lemma stable_tag_offset_mono:
  assumes "finite V" "partition_map V c" "class_constant V c (label V E t c)"
    and "u \<in> V" "w \<in> V" "E u w"
  shows "int (t u) - int (Min (t ` c u)) \<le> int (t w) - int (Min (t ` c w))"
proof (cases "c w = c u \<and> t w = t u")
  case True
  then show ?thesis by simp
next
  case False
  have fin: "finite (c x)" if "x \<in> V" for x
    using finite_subset[OF partition_map_subset[OF assms(2) that] assms(1)] .
  obtain u' where u': "u' \<in> c u" "t u' = Min (t ` c u)"
    using Min_in[of "t ` c u"] fin[OF assms(4)] partition_map_self[OF assms(2,4)] by fastforce
  have "u' \<in> V" using partition_map_subset[OF assms(2,4)] u'(1) by blast
  have "label V E t c u' = label V E t c u"
    using class_constantD[OF assms(3) \<open>u' \<in> V\<close> assms(4) partition_map_class_eq[OF assms(2,4) u'(1)]] .
  moreover have "\<exists>\<beta>. (c w, int (span V t) + 1 + int (t w) - int (t u), \<beta>) \<in> label V E t c u"
    unfolding ex_in_label_iff using assms(5,6) False by blast
  ultimately have "\<exists>\<beta>. (c w, int (span V t) + 1 + int (t w) - int (t u), \<beta>) \<in> label V E t c u'"
    by simp
  then obtain w' where w': "w' \<in> V" "c w' = c w"
    and offset: "int (span V t) + 1 + int (t w') - int (t u') = int (span V t) + 1 + int (t w) - int (t u)"
    unfolding ex_in_label_iff by blast
  have "w' \<in> c w" using partition_map_self[OF assms(2) w'(1)] w'(2) by simp
  then have "Min (t ` c w) \<le> t w'" using fin[OF assms(5)] by simp
  then show ?thesis using offset u'(2) by linarith
qed

lemma stable_class_constant_tags:
  assumes cfg: "is_config V E t" and part: "partition_map V c"
    and stable: "class_constant V c (label V E t c)"
  shows "class_constant V c t"
proof -
  have fin: "finite V" and edges: "\<And>a b. E a b \<Longrightarrow> a \<in> V \<and> b \<in> V"
    and conn: "\<forall>u\<in>V. \<forall>w\<in>V. E\<^sup>*\<^sup>* u w"
    using cfg unfolding is_config_def by auto
  obtain z where z: "z \<in> V" "t z = 0" using cfg unfolding is_config_def by blast
  define offset where "offset x = int (t x) - int (Min (t ` c x))" for x
  have offset_nonneg: "0 \<le> offset x" if "x \<in> V" for x
    using that fin partition_map_self[OF part] partition_map_subset[OF part] finite_subset
    unfolding offset_def by (metis Min_le finite_imageI image_eqI of_nat_le_iff diff_ge_0_iff_ge)
  have "offset x \<le> offset y" if "E\<^sup>*\<^sup>* x y" for x y
    using that
  proof (induction rule: rtranclp_induct)
    case (step y y')
    then show ?case
      using stable_tag_offset_mono[OF fin part stable] edges[OF step(2)] step(2)
      unfolding offset_def by fastforce
  qed simp
  moreover have "offset z \<le> 0" using offset_nonneg[OF z(1)] z(2) unfolding offset_def by simp
  ultimately have "t x = Min (t ` c x)" if "x \<in> V" for x
    using offset_nonneg[OF that] conn that z(1) unfolding offset_def by fastforce
  then show ?thesis unfolding class_constant_def by metis
qed

definition foreign_neighbours :: "'v set \<Rightarrow> ('v \<Rightarrow> 'v \<Rightarrow> bool) \<Rightarrow> ('v \<Rightarrow> 'v set) \<Rightarrow> 'v \<Rightarrow> 'v set" where
  "foreign_neighbours V E c u = {w \<in> V. E u w \<and> c w \<noteq> c u}"

lemma label_if_class_constant_tags:
  assumes "class_constant V c t" "u \<in> V"
  shows "label V E t c u =
    (\<lambda>w. (c w, int (span V t) + 1 + int (t w) - int (t u),
          card {x \<in> foreign_neighbours V E c u. c x = c w} = 1)) ` foreign_neighbours V E c u"
proof -
  let ?F = "foreign_neighbours V E c u"
  let ?pr = "\<lambda>w. (c w, int (span V t) + 1 + int (t w) - int (t u))"
  have neighbours: "{w \<in> V. E u w \<and> (c w \<noteq> c u \<or> t w \<noteq> t u)} = ?F"
    using class_constantD[OF assms(1) _ assms(2)] unfolding foreign_neighbours_def by blast
  have fibre: "{x \<in> ?F. ?pr x = ?pr w} = {x \<in> ?F. c x = c w}" if "w \<in> ?F" for w
    using class_constantD[OF assms(1)] that unfolding foreign_neighbours_def by auto
  have "label V E t c u = (\<lambda>w. (c w, snd (?pr w), card {x \<in> ?F. ?pr x = ?pr w} = 1)) ` ?F"
    unfolding label_def Let_def neighbours by force
  also have "\<dots> = (\<lambda>w. (c w, snd (?pr w), card {x \<in> ?F. c x = c w} = 1)) ` ?F"
    using fibre by (intro image_cong) simp_all
  finally show ?thesis by simp
qed

lemma fst_label_if_class_constant_tags:
  assumes "class_constant V c t" "u \<in> V"
  shows "fst ` label V E t c u = c ` foreign_neighbours V E c u"
  by (simp add: label_if_class_constant_tags[OF assms] image_image)

lemma unique_label_if_class_constant_tags:
  assumes "class_constant V c t" "u \<in> V"
  shows "(\<exists>b. (X, b, True) \<in> label V E t c u) \<longleftrightarrow>
    card {w \<in> foreign_neighbours V E c u. c w = X} = 1"
proof
  assume "\<exists>b. (X, b, True) \<in> label V E t c u"
  then obtain w where "w \<in> foreign_neighbours V E c u" "c w = X"
    "card {x \<in> foreign_neighbours V E c u. c x = c w} = 1"
    unfolding label_if_class_constant_tags[OF assms] by auto
  then show "card {w \<in> foreign_neighbours V E c u. c w = X} = 1" by simp
next
  assume unique: "card {w \<in> foreign_neighbours V E c u. c w = X} = 1"
  then obtain w where "{w \<in> foreign_neighbours V E c u. c w = X} = {w}"
    by (auto simp: card_1_singleton_iff)
  then have "w \<in> {w \<in> foreign_neighbours V E c u. c w = X}" by simp
  then show "\<exists>b. (X, b, True) \<in> label V E t c u"
    unfolding label_if_class_constant_tags[OF assms] using unique by force
qed

lemma transmitting_neighbours:
  assumes tx: "class_constant V c tx" and "x \<in> V" "tx x = None"
  shows "{w \<in> V. E x w \<and> tx w \<noteq> None} =
    {w \<in> foreign_neighbours V E c x. c w \<in> c ` {w \<in> V. tx w \<noteq> None}}"
proof (intro set_eqI iffI)
  fix w
  assume "w \<in> {w \<in> V. E x w \<and> tx w \<noteq> None}"
  then have "w \<in> V" "E x w" "tx w \<noteq> None" by simp_all
  moreover from this have "c w \<noteq> c x"
    using class_constantD[OF tx _ \<open>x \<in> V\<close>] \<open>tx x = None\<close> by metis
  ultimately show "w \<in> {w \<in> foreign_neighbours V E c x. c w \<in> c ` {w \<in> V. tx w \<noteq> None}}"
    unfolding foreign_neighbours_def by simp
next
  fix w
  assume "w \<in> {w \<in> foreign_neighbours V E c x. c w \<in> c ` {w \<in> V. tx w \<noteq> None}}"
  then obtain w' where "w \<in> V" "E x w" "w' \<in> V" "c w' = c w" "tx w' \<noteq> None"
    unfolding foreign_neighbours_def by auto
  then show "w \<in> {w \<in> V. E x w \<and> tx w \<noteq> None}"
    using class_constantD[OF tx \<open>w' \<in> V\<close> \<open>w \<in> V\<close>] by simp
qed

────────────────

- Prompt
Your response should consist of the listing, reproduced exactly.

- Exercise response
lemma stable_tag_offset_mono:
  assumes "finite V" "partition_map V c" "class_constant V c (label V E t c)"
    and "u \<in> V" "w \<in> V" "E u w"
  shows "int (t u) - int (Min (t ` c u)) \<le> int (t w) - int (Min (t ` c w))"
proof (cases "c w = c u \<and> t w = t u")
  case True
  then show ?thesis by simp
next
  case False
  have fin: "finite (c x)" if "x \<in> V" for x
    using finite_subset[OF partition_map_subset[OF assms(2) that] assms(1)] .
  obtain u' where u': "u' \<in> c u" "t u' = Min (t ` c u)"
    using Min_in[of "t ` c u"] fin[OF assms(4)] partition_map_self[OF assms(2,4)] by fastforce
  have "u' \<in> V" using partition_map_subset[OF assms(2,4)] u'(1) by blast
  have "label V E t c u' = label V E t c u"
    using class_constantD[OF assms(3) \<open>u' \<in> V\<close> assms(4) partition_map_class_eq[OF assms(2,4) u'(1)]] .
  moreover have "\<exists>\<beta>. (c w, int (span V t) + 1 + int (t w) - int (t u), \<beta>) \<in> label V E t c u"
    unfolding ex_in_label_iff using assms(5,6) False by blast
  ultimately have "\<exists>\<beta>. (c w, int (span V t) + 1 + int (t w) - int (t u), \<beta>) \<in> label V E t c u'"
    by simp
  then obtain w' where w': "w' \<in> V" "c w' = c w"
    and offset: "int (span V t) + 1 + int (t w') - int (t u') = int (span V t) + 1 + int (t w) - int (t u)"
    unfolding ex_in_label_iff by blast
  have "w' \<in> c w" using partition_map_self[OF assms(2) w'(1)] w'(2) by simp
  then have "Min (t ` c w) \<le> t w'" using fin[OF assms(5)] by simp
  then show ?thesis using offset u'(2) by linarith
qed

lemma stable_class_constant_tags:
  assumes cfg: "is_config V E t" and part: "partition_map V c"
    and stable: "class_constant V c (label V E t c)"
  shows "class_constant V c t"
proof -
  have fin: "finite V" and edges: "\<And>a b. E a b \<Longrightarrow> a \<in> V \<and> b \<in> V"
    and conn: "\<forall>u\<in>V. \<forall>w\<in>V. E\<^sup>*\<^sup>* u w"
    using cfg unfolding is_config_def by auto
  obtain z where z: "z \<in> V" "t z = 0" using cfg unfolding is_config_def by blast
  define offset where "offset x = int (t x) - int (Min (t ` c x))" for x
  have offset_nonneg: "0 \<le> offset x" if "x \<in> V" for x
    using that fin partition_map_self[OF part] partition_map_subset[OF part] finite_subset
    unfolding offset_def by (metis Min_le finite_imageI image_eqI of_nat_le_iff diff_ge_0_iff_ge)
  have "offset x \<le> offset y" if "E\<^sup>*\<^sup>* x y" for x y
    using that
  proof (induction rule: rtranclp_induct)
    case (step y y')
    then show ?case
      using stable_tag_offset_mono[OF fin part stable] edges[OF step(2)] step(2)
      unfolding offset_def by fastforce
  qed simp
  moreover have "offset z \<le> 0" using offset_nonneg[OF z(1)] z(2) unfolding offset_def by simp
  ultimately have "t x = Min (t ` c x)" if "x \<in> V" for x
    using offset_nonneg[OF that] conn that z(1) unfolding offset_def by fastforce
  then show ?thesis unfolding class_constant_def by metis
qed

definition foreign_neighbours :: "'v set \<Rightarrow> ('v \<Rightarrow> 'v \<Rightarrow> bool) \<Rightarrow> ('v \<Rightarrow> 'v set) \<Rightarrow> 'v \<Rightarrow> 'v set" where
  "foreign_neighbours V E c u = {w \<in> V. E u w \<and> c w \<noteq> c u}"

lemma label_if_class_constant_tags:
  assumes "class_constant V c t" "u \<in> V"
  shows "label V E t c u =
    (\<lambda>w. (c w, int (span V t) + 1 + int (t w) - int (t u),
          card {x \<in> foreign_neighbours V E c u. c x = c w} = 1)) ` foreign_neighbours V E c u"
proof -
  let ?F = "foreign_neighbours V E c u"
  let ?pr = "\<lambda>w. (c w, int (span V t) + 1 + int (t w) - int (t u))"
  have neighbours: "{w \<in> V. E u w \<and> (c w \<noteq> c u \<or> t w \<noteq> t u)} = ?F"
    using class_constantD[OF assms(1) _ assms(2)] unfolding foreign_neighbours_def by blast
  have fibre: "{x \<in> ?F. ?pr x = ?pr w} = {x \<in> ?F. c x = c w}" if "w \<in> ?F" for w
    using class_constantD[OF assms(1)] that unfolding foreign_neighbours_def by auto
  have "label V E t c u = (\<lambda>w. (c w, snd (?pr w), card {x \<in> ?F. ?pr x = ?pr w} = 1)) ` ?F"
    unfolding label_def Let_def neighbours by force
  also have "\<dots> = (\<lambda>w. (c w, snd (?pr w), card {x \<in> ?F. c x = c w} = 1)) ` ?F"
    using fibre by (intro image_cong) simp_all
  finally show ?thesis by simp
qed

lemma fst_label_if_class_constant_tags:
  assumes "class_constant V c t" "u \<in> V"
  shows "fst ` label V E t c u = c ` foreign_neighbours V E c u"
  by (simp add: label_if_class_constant_tags[OF assms] image_image)

lemma unique_label_if_class_constant_tags:
  assumes "class_constant V c t" "u \<in> V"
  shows "(\<exists>b. (X, b, True) \<in> label V E t c u) \<longleftrightarrow>
    card {w \<in> foreign_neighbours V E c u. c w = X} = 1"
proof
  assume "\<exists>b. (X, b, True) \<in> label V E t c u"
  then obtain w where "w \<in> foreign_neighbours V E c u" "c w = X"
    "card {x \<in> foreign_neighbours V E c u. c x = c w} = 1"
    unfolding label_if_class_constant_tags[OF assms] by auto
  then show "card {w \<in> foreign_neighbours V E c u. c w = X} = 1" by simp
next
  assume unique: "card {w \<in> foreign_neighbours V E c u. c w = X} = 1"
  then obtain w where "{w \<in> foreign_neighbours V E c u. c w = X} = {w}"
    by (auto simp: card_1_singleton_iff)
  then have "w \<in> {w \<in> foreign_neighbours V E c u. c w = X}" by simp
  then show "\<exists>b. (X, b, True) \<in> label V E t c u"
    unfolding label_if_class_constant_tags[OF assms] using unique by force
qed

lemma transmitting_neighbours:
  assumes tx: "class_constant V c tx" and "x \<in> V" "tx x = None"
  shows "{w \<in> V. E x w \<and> tx w \<noteq> None} =
    {w \<in> foreign_neighbours V E c x. c w \<in> c ` {w \<in> V. tx w \<noteq> None}}"
proof (intro set_eqI iffI)
  fix w
  assume "w \<in> {w \<in> V. E x w \<and> tx w \<noteq> None}"
  then have "w \<in> V" "E x w" "tx w \<noteq> None" by simp_all
  moreover from this have "c w \<noteq> c x"
    using class_constantD[OF tx _ \<open>x \<in> V\<close>] \<open>tx x = None\<close> by metis
  ultimately show "w \<in> {w \<in> foreign_neighbours V E c x. c w \<in> c ` {w \<in> V. tx w \<noteq> None}}"
    unfolding foreign_neighbours_def by simp
next
  fix w
  assume "w \<in> {w \<in> foreign_neighbours V E c x. c w \<in> c ` {w \<in> V. tx w \<noteq> None}}"
  then obtain w' where "w \<in> V" "E x w" "w' \<in> V" "c w' = c w" "tx w' \<noteq> None"
    unfolding foreign_neighbours_def by auto
  then show "w \<in> {w \<in> V. E x w \<and> tx w \<noteq> None}"
    using class_constantD[OF tx \<open>w' \<in> V\<close> \<open>w \<in> V\<close>] by simp
qed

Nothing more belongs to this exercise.